Boy, 11, Who Lost His Leg to Cancer Is Now Chasing His Biggest Dream: Becoming Formula 1’s First Amputee Champion (Exclusive)

Credit: Pedro Cueto
NEED TO KNOW
- Pedro Cueto overcame Ewing sarcoma and a leg amputation to return to competitive kart racing within months
- His kart is specially modified to allow him to accelerate using his residual limb after surgery
- Pedro hopes to inspire others by placing racing simulators in children’s hospitals worldwide and becoming a Formula 1 champion
The first time Pedro Cueto climbed into a rental go-kart, he didn’t want to get out.
He was around 5 years old, and although he’d only driven rental karts a handful of times for fun, he had already decided exactly what he wanted to do with his life.
“He was always saying he wanted to be a Formula 1 driver,” his mom, Laetitia Cueto, 32, tells PEOPLE exclusively. “He was always begging to go go-karting.”
As the years passed, that childhood fascination became something much bigger. While other kids bounced from one hobby to the next, Pedro spent his childhood counting down the days until he could get back behind the wheel. He memorized Formula 1 drivers, studied racing lines and dreamed of climbing motorsport’s competitive ladder all the way to Formula 1 — a journey that, for nearly every professional driver, begins in karting.
“It wasn’t ever, ‘When I grow up, I’m going to be a race car driver,’ “ Laetitia says. “He was like, ‘Nope. I’m doing everything it takes right now.’”
Credit: Pedro Cueto
Before long, Pedro’s dream had become the rhythm of the entire family’s life.
At the time, Laetitia, her husband, Alejandro, 37, and their three sons were living in Arvada, Colo.
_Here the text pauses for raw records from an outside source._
lemma sum_over_gcd_class:
  fixes k d \<alpha> \<beta> p1 p2 p3 :: int
  assumes d: "d > 0" "d dvd k" and k: "k \<ge> 1" and \<alpha>: "coprime \<alpha> k"
    and \<beta>: "d dvd p2 \<and> d dvd p3 \<Longrightarrow> [\<alpha> * \<beta> = 1] (mod (k div d))"
  shows "(\<Sum>u\<in>reduced_residues (k div d). \<Sum>x2\<in>{0..<k}.
      if k dvd d * u * x2 * \<alpha> - p3 then unity_root k (- (p1 * (d * u)) - p2 * x2) else 0) =
    (if d dvd p2 \<and> d dvd p3 then of_int d * kloosterman (p1 * \<beta>) (p2 * p3 div d\<^sup>2) (k div d) else 0)"
proof -
  define c where "c = k div d"
  have kdc: "k = d * c"
    using d by (simp add: c_def)
  have c: "c > 0"
    using k d(1) kdc zero_less_mult_pos[of d c] by simp
  define b where "b = p2 * p3 div d\<^sup>2"
  define P where "P \<longleftrightarrow> d dvd p2 \<and> d dvd p3"
  have inner: "(\<Sum>x2\<in>{0..<k}.
      if k dvd d * u * x2 * \<alpha> - p3 then unity_root k (- (p1 * (d * u)) - p2 * x2) else 0) =
    unity_root c (- (p1 * u)) *
      (if P then of_int d * unity_root c (- (b * modular_inverse c (\<alpha> * u))) else 0)"
    if "u \<in> reduced_residues c" for u
  proof -
    have "coprime (\<alpha> * u) c"
      using that \<alpha> kdc by (simp add: reduced_residues_def)
    then have inv: "[(\<alpha> * u) * modular_inverse c (\<alpha> * u) = 1] (mod c)"
      by (rule cong_modular_inverse1)
    have "unity_root k (- (p1 * (d * u))) = unity_root c (- (p1 * u))"
      using d kdc unity_root_mult_cancel[of d c "- (p1 * u)"] by (simp add: mult_ac)
    then have "(if k dvd d * u * x2 * \<alpha> - p3 then unity_root k (- (p1 * (d * u)) - p2 * x2) else 0) =
        unity_root c (- (p1 * u)) *
          (if k dvd d * (\<alpha> * u) * x2 - p3 then unity_root k (- (p2 * x2)) else 0)" for x2
      using unity_root_add[of k "- (p1 * (d * u))" "- (p2 * x2)"] by (simp add: mult_ac)
    then have "(\<Sum>x2\<in>{0..<k}.
        if k dvd d * u * x2 * \<alpha> - p3 then unity_root k (- (p1 * (d * u)) - p2 * x2) else 0) =
      unity_root c (- (p1 * u)) * (\<Sum>x2\<in>{0..<k}.
        if k dvd d * (\<alpha> * u) * x2 - p3 then unity_root k (- (p2 * x2)) else 0)"
      by (simp only: sum_distrib_left)
    also have "\<dots> = unity_root c (- (p1 * u)) *
        (if P then of_int d * unity_root c (- (b * modular_inverse c (\<alpha> * u))) else 0)"
      using sum_linear_congruence_solutions[OF d(1) c inv, of p3 p2, folded kdc]
      by (simp add: P_def b_def)
    finally show ?thesis .
  qed
  show ?thesis
  proof (cases P)
    case True
    then have "[\<alpha> * \<beta> = 1] (mod c)"
      using \<beta> by (simp add: P_def c_def)
    then show ?thesis
      using True inner kloosterman_reindex[OF c, of \<alpha> \<beta> p1 b]
      by (simp add: c_def[symmetric] b_def[symmetric] P_def[symmetric] sum_distrib_left mult_ac)
  next
    case False
    then show ?thesis
      using inner by (simp add: c_def[symmetric] P_def[symmetric])
  qed
qed
(* Let $Q$ be a complete quiver with exactly two frozen vertices, and let $j$ be a mutable vertex which is cycle-preserving for $Q$ and is not the apex of a vortex in $Q$. Then $\mu_j(Q)$ is a brog quiver.
   Context: A quiver is a finite directed multigraph with no loops and no oriented 2-cycles, whose vertex set is partitioned into mutable and frozen vertices; arrows between two frozen vertices are ignored. $b_{ik}$ = number of arrows $i\to k$ minus number of arrows $k\to i$; $Q|_S$ is the induced subquiver on $S$. Mutation $\mu_j$ at mutable $j$: for each path $i\to j\to k$ add $b_{ij}b_{jk}$ arrows $i\to k$, reverse all arrows at $j$, cancel 2-cycles. Complete: at least one arrow between every pair of vertices at least one of which is mutable. A 3-vertex (sub)quiver is an oriented 3-cycle if it has at most one frozen vertex and its underlying directed graph is not acyclic. A mutable vertex $j$ is cycle-preserving for $Q$ if whenever $Q|_{\{i,j,k\}}$ is an oriented 3-cycle containing $j$, so is $\mu_j(Q)|_{\{i,j,k\}}$. A vortex is a quiver on four vertices, at least three mutable, in which one vertex (the apex) is a source or sink and the other three support an oriented cycle; $j$ is the apex of a vortex in $Q$ if it is the apex of some 4-vertex induced subquiver that is a vortex. A mutable vertex adjacent to at least one frozen vertex is red (resp. green) if all arrows between it and frozen vertices point towards (resp. away from) it. Two mutable vertices $i,j$ are complementary if for every frozen vertex $u$ with $b_{iu}\ne0$ and $b_{ju}\ne0$, $b_{iu}$ and $b_{ju}$ have opposite signs. A quiver is brog if its mutable vertices can be coloured blue, red, orange and green such that: (1) the vertices coloured red are exactly the red vertices; (2) the vertices coloured green are exactly the green vertices; (3) each blue vertex $i$ has $b_{ij}\ge0$ for every red $j$ and $b_{ij}\le0$ for every green $j$; (4) each orange vertex $i$ has $b_{ij}\ge0$ for every green $j$ and $b_{ij}\le0$ for every red $j$; (5) every blue vertex and every orange vertex are complementary. *)

theory Defs
  imports Main
begin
Weekends revolved around racetracks instead of birthday parties. Family vacations were planned around competitions. Nearly every decision centered on helping Pedro pursue the dream he already treated like a career.
Looking back, Laetitia says the signs had been there long before he ever climbed into a kart.
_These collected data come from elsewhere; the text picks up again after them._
lemma EN_le_exp:
  fixes \<delta> :: real
  assumes \<rho>: "\<rho> permutes {1..n}" and \<rho>': "\<rho>' permutes {1..n}" and k: "1 \<le> k" "2 * k \<le> n"
    and "0 < \<delta>"
    and cycles: "real (total_cycles n \<rho> + total_cycles n \<rho>') \<le> (1 - \<delta>) * n"
  shows "EN n k (conj_class n \<rho>) (conj_class n \<rho>')
    \<le> exp (- \<delta> * k + real (num_cycles n \<rho> 1 + num_cycles n \<rho>' 1) * ln 2 + ln (real n + 1))"
proof -
  define s where "s = real k / real (n - k)"
  define F M where "F = num_cycles n \<rho> 1 + num_cycles n \<rho>' 1"
    and "M = total_cycles n \<rho> + total_cycles n \<rho>'"
  define I I' where "I = card (invariant_subsets n k \<rho>)" and "I' = card (invariant_subsets n k \<rho>')"
  have "k < n"
    using k by simp
  have s: "0 < s" "s \<le> 1"
    using k by (simp_all add: s_def)
  have "EN n k (conj_class n \<rho>) (conj_class n \<rho>') \<le> I * I' * s ^ k / ((n choose k) * s ^ k)"
    using EN_le_invariant_subsets[OF \<rho> \<rho>'] k s by (simp add: I_def I'_def)
  also have "\<dots> \<le> 2 ^ F * (1 + s) ^ M / ((1 + s) ^ n / (n + 1))"
    using card_invariant_subsets_mult_le[OF \<rho> \<rho>', of s k] one_plus_power_le_binomial_mode[OF \<open>k < n\<close>] s
    by (intro frac_le) (simp_all add: I_def I'_def F_def M_def s_def divide_le_eq mult_ac)
  also have "\<dots> = (n + 1) * 2 ^ F * (1 + s) powr (real M - real n)"
    using s by (simp add: powr_diff powr_realpow field_simps)
  also have "\<dots> \<le> (n + 1) * 2 ^ F * (1 + s) powr (- \<delta> * n)"
    using cycles s by (intro mult_left_mono powr_mono) (simp_all add: M_def algebra_simps)
  also have "\<dots> = (n + 1) * 2 ^ F * exp (- \<delta> * (n * ln (1 + s)))"
    using s by (simp add: powr_def)
  also have "\<dots> \<le> (n + 1) * 2 ^ F * exp (- \<delta> * k)"
    using ln_one_plus_binomial_mode_ge[OF \<open>k < n\<close>] \<open>0 < \<delta>\<close>
    by (intro mult_left_mono) (simp_all add: s_def)
  also have "\<dots> = exp (ln (real n + 1)) * exp (F * ln 2) * exp (- \<delta> * k)"
    by (simp add: exp_of_nat_mult ring_distribs)
  also have "\<dots> = exp (- \<delta> * k + F * ln 2 + ln (real n + 1))"
    by (simp only: exp_add mult_ac)
  finally show ?thesis
    by (simp only: F_def)
qed

lemma EN_le_exp_threshold:
  fixes \<delta> :: real
  assumes \<rho>: "\<rho> permutes {1..n}" and \<rho>': "\<rho>' permutes {1..n}" and k: "1 \<le> k" "2 * k \<le> n"
    and "0 < \<delta>"
    and cycles: "N \<le> n \<Longrightarrow> real (total_cycles n \<rho> + total_cycles n \<rho>') \<le> (1 - \<delta>) * n"
  shows "EN n k (conj_class n \<rho>) (conj_class n \<rho>')
    \<le> exp (- \<delta> * k + real (num_cycles n \<rho> 1 + num_cycles n \<rho>' 1) * ln 2 + ln (real n + 1) + \<delta> * N)"
proof -
  let ?A = "- \<delta> * k + real (num_cycles n \<rho> 1 + num_cycles n \<rho>' 1) * ln 2 + ln (real n + 1)"
  show ?thesis
  proof (cases "N \<le> n")
    case True
    have "EN n k (conj_class n \<rho>) (conj_class n \<rho>') \<le> exp ?A"
      using EN_le_exp[OF \<rho> \<rho>' k \<open>0 < \<delta>\<close> cycles[OF True]] .
    also have "\<dots> \<le> exp (?A + \<delta> * N)"
      using \<open>0 < \<delta>\<close> by simp
    finally show ?thesis .
  next
    case False
    then have "\<delta> * k \<le> \<delta> * N"
      using k \<open>0 < \<delta>\<close> by simp
    moreover have "0 \<le> real (num_cycles n \<rho> 1 + num_cycles n \<rho>' 1) * ln 2"
      by simp
    ultimately have "ln (real n + 1) \<le> ?A + \<delta> * N"
      by linarith
    then have "exp (ln (real n + 1)) \<le> exp (?A + \<delta> * N)"
      by (rule exp_mono)
    then have "real n + 1 \<le> exp (?A + \<delta> * N)"
      by simp
    then show ?thesis
      using EN_le_n[OF \<rho> \<rho>', of k] by linarith
  qed
qed

theorem lemma3p4:
  fixes \<rho> \<rho>' :: "nat \<Rightarrow> nat \<Rightarrow> nat"
  assumes perm: "\<And>n. \<rho> n permutes {1..n}" "\<And>n. \<rho>' n permutes {1..n}"
    and fix_small: "(\<lambda>n. real (num_cycles n (\<rho> n) 1 + num_cycles n (\<rho>' n) 1)) \<in> o(\<lambda>n. real n)"
    and delta: "\<exists>\<delta>>0. eventually (\<lambda>n. real (total_cycles n (\<rho> n) + total_cycles n (\<rho>' n))
                                       \<le> (1 - \<delta>) * real n) sequentially"
  shows "\<exists>\<eta>>0. \<exists>g :: nat \<Rightarrow> real. g \<in> o(\<lambda>n. real n) \<and>
           (\<forall>n k. 1 \<le> k \<and> real k \<le> real n / 2 \<longrightarrow>
              EN n k (conj_class n (\<rho> n)) (conj_class n (\<rho>' n)) \<le> exp (- \<eta> * real k + g n))"
proof -
  obtain \<delta> :: real where "0 < \<delta>" and "eventually (\<lambda>n.
      real (total_cycles n (\<rho> n) + total_cycles n (\<rho>' n)) \<le> (1 - \<delta>) * real n) sequentially"
    using delta by blast
  then obtain N where cycles:
    "\<And>n. N \<le> n \<Longrightarrow> real (total_cycles n (\<rho> n) + total_cycles n (\<rho>' n)) \<le> (1 - \<delta>) * real n"
    unfolding eventually_sequentially by blast
  define g where
    "g n = real (num_cycles n (\<rho> n) 1 + num_cycles n (\<rho>' n) 1) * ln 2 + ln (real n + 1) + \<delta> * N" for n
  have "g \<in> o(\<lambda>n. real n)"
    unfolding g_def by (intro sum_in_smallo) (use fix_small in simp, real_asymp+)
  moreover have "EN n k (conj_class n (\<rho> n)) (conj_class n (\<rho>' n)) \<le> exp (- \<delta> * k + g n)"
    if "1 \<le> k" "real k \<le> real n / 2" for n k
    using that \<open>0 < \<delta>\<close> unfolding g_def add.assoc[symmetric]
    by (intro EN_le_exp_threshold perm cycles) auto
  ultimately show ?thesis
    using \<open>0 < \<delta>\<close> by blast
qed

end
“In preschool, every child had to bring a comfort toy for nap time,” she recalls. “Pedro didn’t want a teddy bear. He wanted a little Hot Wheels car. I actually had to explain to the teachers that his comfort item wasn’t stuffed — it was a race car.”
“When he was about 2 years old, he came to me one day holding his stomach and said, ‘Mom, my engine hurts,’ “ she adds with a laugh. “Everything in his world related back to racing.”
Credit: Pedro Cueto
As Pedro grew older, his natural talent behind the wheel quickly became apparent. He began competing against some of the country’s top young karting drivers, dedicating nearly every free moment to becoming faster.
Then, in September 2021, everything stopped.
Pedro was just 6 years old when he woke up complaining that his leg hurt a few days after spending hours bouncing in a bounce house during his younger brother’s birthday party.
At first, no one thought much of it.
“I told my mom my leg was really hurting,” Pedro recalls. “She thought I’d probably just jumped too much the day before.”
But when the pain refused to go away, Laetitia knew something wasn’t right. She immediately brought her son to Children’s Hospital Colorado.
“It was simply the obvious choice in my head when I took Pedro in for the pain,” she says. “I never went anywhere else.”
Credit: Pedro Cueto
Doctors initially suspected an infection in Pedro’s knee and performed surgery to treat what they believed was the problem. Instead, further testing revealed something far more devastating: Ewing sarcoma, a rare and aggressive form of bone cancer.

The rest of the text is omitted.